*** Opening of Input data ***
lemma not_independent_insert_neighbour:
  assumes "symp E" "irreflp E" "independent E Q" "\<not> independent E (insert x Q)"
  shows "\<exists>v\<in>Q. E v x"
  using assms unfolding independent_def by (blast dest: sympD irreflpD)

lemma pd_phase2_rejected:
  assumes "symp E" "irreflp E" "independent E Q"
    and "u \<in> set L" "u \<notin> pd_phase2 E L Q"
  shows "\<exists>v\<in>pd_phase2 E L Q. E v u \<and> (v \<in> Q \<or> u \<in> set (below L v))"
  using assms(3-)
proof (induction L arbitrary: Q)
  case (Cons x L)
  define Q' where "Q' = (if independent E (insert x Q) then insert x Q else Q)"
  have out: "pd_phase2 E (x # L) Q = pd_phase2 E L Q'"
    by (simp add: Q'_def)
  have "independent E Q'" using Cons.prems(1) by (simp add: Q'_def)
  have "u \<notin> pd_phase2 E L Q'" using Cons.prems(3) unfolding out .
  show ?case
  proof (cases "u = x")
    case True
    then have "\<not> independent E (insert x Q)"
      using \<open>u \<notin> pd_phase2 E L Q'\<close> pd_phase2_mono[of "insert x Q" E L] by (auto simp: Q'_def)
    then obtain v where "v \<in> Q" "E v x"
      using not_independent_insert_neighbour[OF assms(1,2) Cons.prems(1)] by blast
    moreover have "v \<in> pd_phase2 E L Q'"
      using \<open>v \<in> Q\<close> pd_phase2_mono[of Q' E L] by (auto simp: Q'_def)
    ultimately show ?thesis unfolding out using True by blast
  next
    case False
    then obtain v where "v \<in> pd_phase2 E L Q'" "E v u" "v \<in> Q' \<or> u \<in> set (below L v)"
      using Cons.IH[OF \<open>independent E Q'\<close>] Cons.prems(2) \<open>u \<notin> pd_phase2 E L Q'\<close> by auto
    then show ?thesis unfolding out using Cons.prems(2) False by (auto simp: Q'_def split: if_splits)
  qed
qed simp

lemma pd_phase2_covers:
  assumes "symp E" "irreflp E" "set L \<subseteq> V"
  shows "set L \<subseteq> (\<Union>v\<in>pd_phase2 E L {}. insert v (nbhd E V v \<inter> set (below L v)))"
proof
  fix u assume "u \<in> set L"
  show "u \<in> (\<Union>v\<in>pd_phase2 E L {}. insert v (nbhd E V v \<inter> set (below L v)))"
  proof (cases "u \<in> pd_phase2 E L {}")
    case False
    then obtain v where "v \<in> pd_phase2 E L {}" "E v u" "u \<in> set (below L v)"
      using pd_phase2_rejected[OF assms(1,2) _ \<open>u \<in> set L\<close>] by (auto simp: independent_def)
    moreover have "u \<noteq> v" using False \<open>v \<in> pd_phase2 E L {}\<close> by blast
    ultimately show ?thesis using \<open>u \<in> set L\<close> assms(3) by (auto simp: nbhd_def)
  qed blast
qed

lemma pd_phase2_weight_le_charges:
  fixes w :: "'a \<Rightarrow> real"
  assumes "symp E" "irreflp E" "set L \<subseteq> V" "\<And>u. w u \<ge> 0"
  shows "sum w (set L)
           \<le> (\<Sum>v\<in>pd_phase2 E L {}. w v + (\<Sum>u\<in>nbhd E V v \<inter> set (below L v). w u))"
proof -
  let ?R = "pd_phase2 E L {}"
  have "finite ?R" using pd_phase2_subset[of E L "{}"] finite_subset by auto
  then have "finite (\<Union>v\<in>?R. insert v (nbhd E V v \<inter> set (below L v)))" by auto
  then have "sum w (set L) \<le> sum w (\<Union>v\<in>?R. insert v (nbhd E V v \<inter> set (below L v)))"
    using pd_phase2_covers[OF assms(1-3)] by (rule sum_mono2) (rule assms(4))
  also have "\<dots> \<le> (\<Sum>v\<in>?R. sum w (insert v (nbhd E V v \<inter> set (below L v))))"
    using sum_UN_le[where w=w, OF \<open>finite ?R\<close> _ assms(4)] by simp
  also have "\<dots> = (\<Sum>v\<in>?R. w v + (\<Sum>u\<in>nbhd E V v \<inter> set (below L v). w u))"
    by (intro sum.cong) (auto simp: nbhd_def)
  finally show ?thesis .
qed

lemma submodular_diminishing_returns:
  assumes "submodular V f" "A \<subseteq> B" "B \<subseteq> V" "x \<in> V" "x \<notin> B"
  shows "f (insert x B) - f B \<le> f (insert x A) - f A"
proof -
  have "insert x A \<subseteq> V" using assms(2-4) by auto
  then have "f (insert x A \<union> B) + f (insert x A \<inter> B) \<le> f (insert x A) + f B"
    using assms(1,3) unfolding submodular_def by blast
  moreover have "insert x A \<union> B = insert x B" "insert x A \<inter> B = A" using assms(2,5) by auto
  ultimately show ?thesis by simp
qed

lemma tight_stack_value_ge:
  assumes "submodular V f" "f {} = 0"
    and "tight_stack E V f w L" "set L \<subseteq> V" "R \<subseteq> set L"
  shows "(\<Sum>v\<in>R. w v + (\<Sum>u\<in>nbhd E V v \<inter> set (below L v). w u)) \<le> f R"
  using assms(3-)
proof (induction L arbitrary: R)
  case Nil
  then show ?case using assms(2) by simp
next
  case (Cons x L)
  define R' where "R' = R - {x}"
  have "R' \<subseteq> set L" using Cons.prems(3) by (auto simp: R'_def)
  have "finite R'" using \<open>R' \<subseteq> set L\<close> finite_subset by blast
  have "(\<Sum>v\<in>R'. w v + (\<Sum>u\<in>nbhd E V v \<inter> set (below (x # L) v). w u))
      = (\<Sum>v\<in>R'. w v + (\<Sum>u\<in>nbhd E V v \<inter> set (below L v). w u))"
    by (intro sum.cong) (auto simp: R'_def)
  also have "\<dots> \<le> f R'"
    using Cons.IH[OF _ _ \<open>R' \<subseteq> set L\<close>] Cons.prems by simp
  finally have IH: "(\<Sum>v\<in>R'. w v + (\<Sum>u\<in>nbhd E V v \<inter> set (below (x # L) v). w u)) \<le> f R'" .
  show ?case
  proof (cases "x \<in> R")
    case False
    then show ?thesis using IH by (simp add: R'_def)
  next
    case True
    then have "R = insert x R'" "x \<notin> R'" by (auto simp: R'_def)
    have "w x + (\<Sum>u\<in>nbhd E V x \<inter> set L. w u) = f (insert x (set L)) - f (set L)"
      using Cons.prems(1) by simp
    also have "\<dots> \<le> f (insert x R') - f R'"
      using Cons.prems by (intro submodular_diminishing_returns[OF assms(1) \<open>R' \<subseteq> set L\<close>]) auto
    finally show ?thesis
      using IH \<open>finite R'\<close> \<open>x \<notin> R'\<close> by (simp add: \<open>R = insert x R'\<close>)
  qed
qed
*** Close of Input data ***
■ **Task directions**
Restate the data above word for word. Leave nothing out.

■ **Your solution**
lemma not_independent_insert_neighbour:
  assumes "symp E" "irreflp E" "independent E Q" "\<not> independent E (insert x Q)"
  shows "\<exists>v\<in>Q. E v x"
  using assms unfolding independent_def by (blast dest: sympD irreflpD)

lemma pd_phase2_rejected:
  assumes "symp E" "irreflp E" "independent E Q"
    and "u \<in> set L" "u \<notin> pd_phase2 E L Q"
  shows "\<exists>v\<in>pd_phase2 E L Q. E v u \<and> (v \<in> Q \<or> u \<in> set (below L v))"
  using assms(3-)
proof (induction L arbitrary: Q)
  case (Cons x L)
  define Q' where "Q' = (if independent E (insert x Q) then insert x Q else Q)"
  have out: "pd_phase2 E (x # L) Q = pd_phase2 E L Q'"
    by (simp add: Q'_def)
  have "independent E Q'" using Cons.prems(1) by (simp add: Q'_def)
  have "u \<notin> pd_phase2 E L Q'" using Cons.prems(3) unfolding out .
  show ?case
  proof (cases "u = x")
    case True
    then have "\<not> independent E (insert x Q)"
      using \<open>u \<notin> pd_phase2 E L Q'\<close> pd_phase2_mono[of "insert x Q" E L] by (auto simp: Q'_def)
    then obtain v where "v \<in> Q" "E v x"
      using not_independent_insert_neighbour[OF assms(1,2) Cons.prems(1)] by blast
    moreover have "v \<in> pd_phase2 E L Q'"
      using \<open>v \<in> Q\<close> pd_phase2_mono[of Q' E L] by (auto simp: Q'_def)
    ultimately show ?thesis unfolding out using True by blast
  next
    case False
    then obtain v where "v \<in> pd_phase2 E L Q'" "E v u" "v \<in> Q' \<or> u \<in> set (below L v)"
      using Cons.IH[OF \<open>independent E Q'\<close>] Cons.prems(2) \<open>u \<notin> pd_phase2 E L Q'\<close> by auto
    then show ?thesis unfolding out using Cons.prems(2) False by (auto simp: Q'_def split: if_splits)
  qed
qed simp

lemma pd_phase2_covers:
  assumes "symp E" "irreflp E" "set L \<subseteq> V"
  shows "set L \<subseteq> (\<Union>v\<in>pd_phase2 E L {}. insert v (nbhd E V v \<inter> set (below L v)))"
proof
  fix u assume "u \<in> set L"
  show "u \<in> (\<Union>v\<in>pd_phase2 E L {}. insert v (nbhd E V v \<inter> set (below L v)))"
  proof (cases "u \<in> pd_phase2 E L {}")
    case False
    then obtain v where "v \<in> pd_phase2 E L {}" "E v u" "u \<in> set (below L v)"
      using pd_phase2_rejected[OF assms(1,2) _ \<open>u \<in> set L\<close>] by (auto simp: independent_def)
    moreover have "u \<noteq> v" using False \<open>v \<in> pd_phase2 E L {}\<close> by blast
    ultimately show ?thesis using \<open>u \<in> set L\<close> assms(3) by (auto simp: nbhd_def)
  qed blast
qed

lemma pd_phase2_weight_le_charges:
  fixes w :: "'a \<Rightarrow> real"
  assumes "symp E" "irreflp E" "set L \<subseteq> V" "\<And>u. w u \<ge> 0"
  shows "sum w (set L)
           \<le> (\<Sum>v\<in>pd_phase2 E L {}. w v + (\<Sum>u\<in>nbhd E V v \<inter> set (below L v). w u))"
proof -
  let ?R = "pd_phase2 E L {}"
  have "finite ?R" using pd_phase2_subset[of E L "{}"] finite_subset by auto
  then have "finite (\<Union>v\<in>?R. insert v (nbhd E V v \<inter> set (below L v)))" by auto
  then have "sum w (set L) \<le> sum w (\<Union>v\<in>?R. insert v (nbhd E V v \<inter> set (below L v)))"
    using pd_phase2_covers[OF assms(1-3)] by (rule sum_mono2) (rule assms(4))
  also have "\<dots> \<le> (\<Sum>v\<in>?R. sum w (insert v (nbhd E V v \<inter> set (below L v))))"
    using sum_UN_le[where w=w, OF \<open>finite ?R\<close> _ assms(4)] by simp
  also have "\<dots> = (\<Sum>v\<in>?R. w v + (\<Sum>u\<in>nbhd E V v \<inter> set (below L v). w u))"
    by (intro sum.cong) (auto simp: nbhd_def)
  finally show ?thesis .
qed

lemma submodular_diminishing_returns:
  assumes "submodular V f" "A \<subseteq> B" "B \<subseteq> V" "x \<in> V" "x \<notin> B"
  shows "f (insert x B) - f B \<le> f (insert x A) - f A"
proof -
  have "insert x A \<subseteq> V" using assms(2-4) by auto
  then have "f (insert x A \<union> B) + f (insert x A \<inter> B) \<le> f (insert x A) + f B"
    using assms(1,3) unfolding submodular_def by blast
  moreover have "insert x A \<union> B = insert x B" "insert x A \<inter> B = A" using assms(2,5) by auto
  ultimately show ?thesis by simp
qed

lemma tight_stack_value_ge:
  assumes "submodular V f" "f {} = 0"
    and "tight_stack E V f w L" "set L \<subseteq> V" "R \<subseteq> set L"
  shows "(\<Sum>v\<in>R. w v + (\<Sum>u\<in>nbhd E V v \<inter> set (below L v). w u)) \<le> f R"
  using assms(3-)
proof (induction L arbitrary: R)
  case Nil
  then show ?case using assms(2) by simp
next
  case (Cons x L)
  define R' where "R' = R - {x}"
  have "R' \<subseteq> set L" using Cons.prems(3) by (auto simp: R'_def)
  have "finite R'" using \<open>R' \<subseteq> set L\<close> finite_subset by blast
  have "(\<Sum>v\<in>R'. w v + (\<Sum>u\<in>nbhd E V v \<inter> set (below (x # L) v). w u))
      = (\<Sum>v\<in>R'. w v + (\<Sum>u\<in>nbhd E V v \<inter> set (below L v). w u))"
    by (intro sum.cong) (auto simp: R'_def)
  also have "\<dots> \<le> f R'"
    using Cons.IH[OF _ _ \<open>R' \<subseteq> set L\<close>] Cons.prems by simp
  finally have IH: "(\<Sum>v\<in>R'. w v + (\<Sum>u\<in>nbhd E V v \<inter> set (below (x # L) v). w u)) \<le> f R'" .
  show ?case
  proof (cases "x \<in> R")
    case False
    then show ?thesis using IH by (simp add: R'_def)
  next
    case True
    then have "R = insert x R'" "x \<notin> R'" by (auto simp: R'_def)
    have "w x + (\<Sum>u\<in>nbhd E V x \<inter> set L. w u) = f (insert x (set L)) - f (set L)"
      using Cons.prems(1) by simp
    also have "\<dots> \<le> f (insert x R') - f R'"
      using Cons.prems by (intro submodular_diminishing_returns[OF assms(1) \<open>R' \<subseteq> set L\<close>]) auto
    finally show ?thesis
      using IH \<open>finite R'\<close> \<open>x \<notin> R'\<close> by (simp add: \<open>R = insert x R'\<close>)
  qed
qed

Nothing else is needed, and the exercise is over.